At this point, it becomes kind of clear to me that it’s better to proceed further numerically.

Implementing a purely analytical softmax seems laborious process.

### Numerical example

So, let’s have \(L = 100\) taking from \(S = 10\) with \(r \in [1, S)\).

The probablity (after softmaxing) looks like:

The entropy is \(\sim 1e-4\) logits.

I don’t know how to interpret this since what do we even mean by probability here? We were so obsessed with whether we could or not, that we didn’t stop and ask ourselves whether we should. Lol.

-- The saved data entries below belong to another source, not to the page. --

definition gen_alg :: "'a measure \<Rightarrow> ('a \<Rightarrow> 'b) \<Rightarrow> 'b measure \<Rightarrow> 'a measure" where
  "gen_alg M V N = vimage_algebra (space M) V N"

definition cexp :: "'a measure \<Rightarrow> ('a \<Rightarrow> 'b) \<Rightarrow> 'b measure \<Rightarrow> ('a \<Rightarrow> real) \<Rightarrow> 'a \<Rightarrow> real" where
  "cexp M V N f = real_cond_exp M (gen_alg M V N) f"

definition cexp_vec :: "'a measure \<Rightarrow> ('a \<Rightarrow> 'b) \<Rightarrow> 'b measure \<Rightarrow> ('a \<Rightarrow> real^'k::finite) \<Rightarrow> 'a \<Rightarrow> real^'k" where
  "cexp_vec M V N U = (\<lambda>\<omega>. \<chi> k. cexp M V N (\<lambda>\<omega>'. U \<omega>' $ k) \<omega>)"

definition var_h :: "'a measure \<Rightarrow> (real^'k::finite \<Rightarrow> real) \<Rightarrow> ('a \<Rightarrow> 'b) \<Rightarrow> 'b measure \<Rightarrow> ('a \<Rightarrow> real^'k) \<Rightarrow> 'a \<Rightarrow> real" where
  "var_h M h V N U = (\<lambda>\<omega>. cexp M V N (\<lambda>\<omega>'. h (U \<omega>')) \<omega> - h (cexp_vec M V N U \<omega>))"

definition bin_mean :: "'a measure \<Rightarrow> ('a \<Rightarrow> real^'k::finite) \<Rightarrow> 'a set \<Rightarrow> real^'k" where
  "bin_mean M S A = (1 / measure M A) *\<^sub>R (\<integral>\<omega>\<in>A. S \<omega> \<partial>M)"

definition binned :: "'a measure \<Rightarrow> ('a \<Rightarrow> real^'k::finite) \<Rightarrow> (real^'k) set set \<Rightarrow> 'a \<Rightarrow> real^'k" where
  "binned M S \<B> = (\<lambda>\<omega>. \<Sum>B\<in>\<B>. indicator (S -` B \<inter> space M) \<omega> *\<^sub>R bin_mean M S (S -` B \<inter> space M))"

end

theory Submission
  imports Defs
begin

text \<open>
  By the tower property, \<open>E[Var_h(U | V)] = E[h(U)] - E[h(E[U | V])]\<close>. Since \<open>S_B\<close> is a
  function of \<open>S\<close>, conditioning \<open>Q\<close> on \<open>S_B\<close> gives the same result as conditioning
  \<open>C = E[Q | S]\<close> on \<open>S_B\<close>, and the three expected variances telescope.

  For the sign, let \<open>D = E[C | S_B]\<close>, so that \<open>h(D) = - s_phi(D, D)\<close>. As \<open>S_B\<close> takes only
  finitely many values, every function of \<open>D\<close>, in particular each score \<open>phi(D, e_k)\<close>, is
  \<open>S_B\<close>-measurable, with no measurability of \<open>phi\<close> required. Hence
  \<open>E[s_phi(D, D)] = E[s_phi(D, C)]\<close>, and properness gives \<open>s_phi(D, C) \<ge> s_phi(C, C)\<close>.
\<close>

lemma sigma_finite_subalgebra_gen_alg:
  assumes "prob_space M" "V \<in> measurable M N"
  shows "sigma_finite_subalgebra M (gen_alg M V N)"
proof -
  have "subalgebra M (gen_alg M V N)"
    unfolding subalgebra_def gen_alg_def
    using sets_image_in_sets[of M "space M" V N] assms(2) by simp
  with assms(1) have "finite_measure_subalgebra M (gen_alg M V N)"
    unfolding finite_measure_subalgebra_def finite_measure_subalgebra_axioms_def prob_space_def
    by blast
  then show ?thesis by (rule finite_measure_subalgebra_is_sigma_finite)
qed

lemma subalgebra_gen_alg_coarser:
  assumes "W \<in> measurable (gen_alg M V N) N'"
  shows "subalgebra (gen_alg M V N) (gen_alg M W N')"
  using sets_image_in_sets[of "gen_alg M V N" "space M" W N'] assms
  by (simp add: subalgebra_def gen_alg_def)

lemma measurable_gen_alg_fiberwise_const:
  fixes g :: "'a \<Rightarrow> real"
  assumes "g \<in> borel_measurable (gen_alg M V N)" "V \<in> space M \<rightarrow> space N"
    and "\<omega> \<in> space M" "\<omega>' \<in> space M" "V \<omega> = V \<omega>'"
  shows "g \<omega> = g \<omega>'"
proof -
  have "g -` {g \<omega>} \<inter> space M \<in> sets (gen_alg M V N)"
    using measurable_sets[OF assms(1), of "{g \<omega>}"] by (simp add: gen_alg_def)
  then obtain A where A: "g -` {g \<omega>} \<inter> space M = V -` A \<inter> space M"
    using sets_vimage_algebra2[OF assms(2)] unfolding gen_alg_def by blast
  have "\<omega>' \<in> V -` A \<inter> space M"
    using A assms(3-5) by (metis IntD1 IntI insertI1 vimageE vimageI)
  then have "\<omega>' \<in> g -` {g \<omega>} \<inter> space M"
    using A by simp
  then show ?thesis
    by simp
qed

lemma measurable_gen_alg_finite_range:
  fixes V :: "'a \<Rightarrow> 'b::t1_space" and g :: "'a \<Rightarrow> real"
  assumes "finite (V ` space M)"
    and "\<And>\<omega> \<omega>'. \<omega> \<in> space M \<Longrightarrow> \<omega>' \<in> space M \<Longrightarrow> V \<omega> = V \<omega>' \<Longrightarrow> g \<omega> = g \<omega>'"
  shows "g \<in> borel_measurable (gen_alg M V borel)"
proof (rule measurableI)
  fix A :: "real set"
  let ?T = "V ` {\<omega> \<in> space M. g \<omega> \<in> A}"
  have "finite ?T"
    using assms(1) by (rule finite_subset[rotated]) blast
  then have "V -` ?T \<inter> space M \<in> sets (gen_alg M V borel)"
    unfolding gen_alg_def by (intro in_vimage_algebra borel_closed finite_imp_closed)
  moreover have "V -` ?T \<inter> space M \<subseteq> g -` A"
  proof
    fix \<omega> assume "\<omega> \<in> V -` ?T \<inter> space M"
    then obtain \<omega>' where "\<omega>' \<in> space M" "g \<omega>' \<in> A" "V \<omega> = V \<omega>'" "\<omega> \<in> space M"
      by blast
    then show "\<omega> \<in> g -` A"
      using assms(2)[of \<omega> \<omega>'] by simp
  qed
  then have "V -` ?T \<inter> space M = g -` A \<inter> space (gen_alg M V borel)"
    by (auto simp: gen_alg_def)
  ultimately show "g -` A \<inter> space (gen_alg M V borel) \<in> sets (gen_alg M V borel)"
    by simp
qed (simp add: gen_alg_def)

lemma finite_image_fiberwise_const:
  assumes "finite (V ` A)" and "\<And>x y. x \<in> A \<Longrightarrow> y \<in> A \<Longrightarrow> V x = V y \<Longrightarrow> g x = g y"
  shows "finite (g ` A)"
proof -
  have "\<forall>v\<in>V ` A. \<exists>x. x \<in> A \<and> V x = v"
    by blast
  from bchoice[OF this] obtain r where r: "\<forall>v\<in>V ` A. r v \<in> A \<and> V (r v) = v"
    by blast
  have "g x = g (r (V x))" if "x \<in> A" for x
    using r that by (intro assms(2)) auto
  then have "g ` A = (\<lambda>v. g (r v)) ` V ` A"
    by (simp add: image_image cong: image_cong)
  then show ?thesis
    using assms(1) by simp
qed

lemma integrable_finite_range_mult:
  fixes g f :: "'a \<Rightarrow> real"
  assumes "finite (g ` space M)" "g \<in> borel_measurable M" "integrable M f"
  shows "integrable M (\<lambda>\<omega>. g \<omega> * f \<omega>)"
proof -
  obtain b where b: "\<And>\<omega>. \<omega> \<in> space M \<Longrightarrow> \<bar>g \<omega>\<bar> \<le> b"
    using finite_imp_bounded[OF assms(1)] by (auto simp: bounded_iff)
  show ?thesis
  proof (rule Bochner_Integration.integrable_bound)
    show "integrable M (\<lambda>\<omega>. b * \<bar>f \<omega>\<bar>)"
      using assms(3) by simp
    show "AE \<omega> in M. norm (g \<omega> * f \<omega>) \<le> norm (b * \<bar>f \<omega>\<bar>)"
    proof (intro AE_I2)
      fix \<omega> assume "\<omega> \<in> space M"
      then have "\<bar>g \<omega>\<bar> * \<bar>f \<omega>\<bar> \<le> \<bar>b\<bar> * \<bar>f \<omega>\<bar>"
        using b by (intro mult_right_mono) fastforce+
      then show "norm (g \<omega> * f \<omega>) \<le> norm (b * \<bar>f \<omega>\<bar>)"
        by (simp add: abs_mult)
    qed
  qed (use assms in measurable)
qed

lemma cexp_vec_nth:
  "cexp_vec M V N U \<omega> $ k = real_cond_exp M (gen_alg M V N) (\<lambda>\<omega>. U \<omega> $ k) \<omega>"
  by (simp add: cexp_vec_def cexp_def)

lemma borel_measurable_cexp_vec_nth:
  "(\<lambda>\<omega>. cexp_vec M V N U \<omega> $ k) \<in> borel_measurable (gen_alg M V N)"
  unfolding cexp_vec_nth by (rule borel_measurable_cond_exp)

lemma integrable_cexp_vec_nth:
  assumes "prob_space M" "V \<in> measurable M N" "integrable M (\<lambda>\<omega>. U \<omega> $ k)"
  shows "integrable M (\<lambda>\<omega>. cexp_vec M V N U \<omega> $ k)"
  unfolding cexp_vec_nth
  using sigma_finite_subalgebra.real_cond_exp_int(1)[OF sigma_finite_subalgebra_gen_alg[OF assms(1,2)] assms(3)] .

lemma cexp_vec_in_prob_simplex:
  fixes U :: "'a \<Rightarrow> real^'k::finite"
  assumes "prob_space M" "V \<in> measurable M N" "\<And>k. integrable M (\<lambda>\<omega>. U \<omega> $ k)"
    and "AE \<omega> in M. U \<omega> \<in> prob_simplex"
  shows "AE \<omega> in M. cexp_vec M V N U \<omega> \<in> prob_simplex"
proof -
  interpret prob_space M
    by fact
  interpret sigma_finite_subalgebra M "gen_alg M V N"
    by (rule sigma_finite_subalgebra_gen_alg[OF assms(1,2)])
  let ?E = "real_cond_exp M (gen_alg M V N)"
  have nonneg: "AE \<omega> in M. \<forall>k\<in>UNIV. ?E (\<lambda>\<omega>. U \<omega> $ k) \<omega> \<ge> 0"
  proof (rule AE_finite_allI)
    fix k
    show "AE \<omega> in M. ?E (\<lambda>\<omega>. U \<omega> $ k) \<omega> \<ge> 0"
      using assms(3,4) by (intro real_cond_exp_pos) (auto simp: prob_simplex_def elim: AE_mp)
  qed simp
  have "AE \<omega> in M. ?E (\<lambda>\<omega>. \<Sum>k\<in>UNIV. U \<omega> $ k) \<omega> = (\<Sum>k\<in>UNIV. ?E (\<lambda>\<omega>. U \<omega> $ k) \<omega>)"
    using assms(3) by (rule real_cond_exp_sum)
  moreover have "AE \<omega> in M. ?E (\<lambda>\<omega>. \<Sum>k\<in>UNIV. U \<omega> $ k) \<omega> = ?E (\<lambda>\<omega>. 1) \<omega>"
    using assms(3,4) by (intro real_cond_exp_cong) (auto simp: prob_simplex_def elim: AE_mp)
  moreover have "AE \<omega> in M. ?E (\<lambda>\<omega>. 1) \<omega> = 1"
    by (rule real_cond_exp_F_meas) auto
  ultimately show ?thesis
    using nonneg by eventually_elim (simp add: prob_simplex_def cexp_vec_nth)
qed

lemma integrable_nth_prob_simplex:
  fixes U :: "'a \<Rightarrow> real^'k::finite"
  assumes "prob_space M" "U \<in> borel_measurable M" "AE \<omega> in M. U \<omega> \<in> prob_simplex"
  shows "integrable M (\<lambda>\<omega>. U \<omega> $ k)"
proof (rule finite_measure.integrable_const_bound[where B=1])
  show "finite_measure M"
    using assms(1) by (rule prob_space.finite_measure)
  show "AE \<omega> in M. norm (U \<omega> $ k) \<le> 1"
    using assms(3)
  proof eventually_elim
    case (elim \<omega>)
    then have "U \<omega> $ k \<le> (\<Sum>j\<in>UNIV. U \<omega> $ j)"
      by (intro member_le_sum) (auto simp: prob_simplex_def)
    with elim show ?case
      by (auto simp: prob_simplex_def)
  qed
  have "(\<lambda>v::real^'k. v $ k) \<in> borel_measurable borel"
    by (intro borel_measurable_continuous_onI linear_continuous_on bounded_linear_vec_nth)
  with assms(2) show "(\<lambda>\<omega>. U \<omega> $ k) \<in> borel_measurable M"
    by (rule measurable_compose)
qed

lemma axis_in_prob_simplex: "axis k 1 \<in> prob_simplex"
  by (simp add: prob_simplex_def axis_def)

lemma integral_var_h:
  assumes "prob_space M" "V \<in> measurable M N"
    and "integrable M (\<lambda>\<omega>. h (U \<omega>))" "integrable M (\<lambda>\<omega>. h (cexp_vec M V N U \<omega>))"
  shows "(\<integral>\<omega>. var_h M h V N U \<omega> \<partial>M)
           = (\<integral>\<omega>. h (U \<omega>) \<partial>M) - (\<integral>\<omega>. h (cexp_vec M V N U \<omega>) \<partial>M)"
proof -
  interpret sigma_finite_subalgebra M "gen_alg M V N"
    by (rule sigma_finite_subalgebra_gen_alg[OF assms(1,2)])
  show ?thesis
    unfolding var_h_def cexp_def
    using real_cond_exp_int[OF assms(3)] assms(4) by simp
qed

So, to just to give an idea: with no constraint whatsoever, there are \(S^L\) possibilities which for the above setting is about \(10^{100}\) or the log of which is \(230.25\). The \({\rm log} (N(r = 1)) = 219.77\).

So, like there is like \(4.5%\) change when we add just a “single-no-repeat”” constraint.

### Ending notes

This is in \(1D\). We don’t know how this would look in multiple dimensions.

It would be interesting to see this in an actual survey with real participants.

Maybe this is why it is hard for humans to say like \(L = 20\) random digits (base-10 \(S\)) because we would want \(r\) to be as high as possible, since that’s what randomness is for us. And, if we compute how many combinations are for maximum \(r\), i.e., \(r = 9\), we get \(10^{14}\) which is \(69.54%\) less than the unconstrained number.

So, we struggle a bit. Or maybe we are just dumb.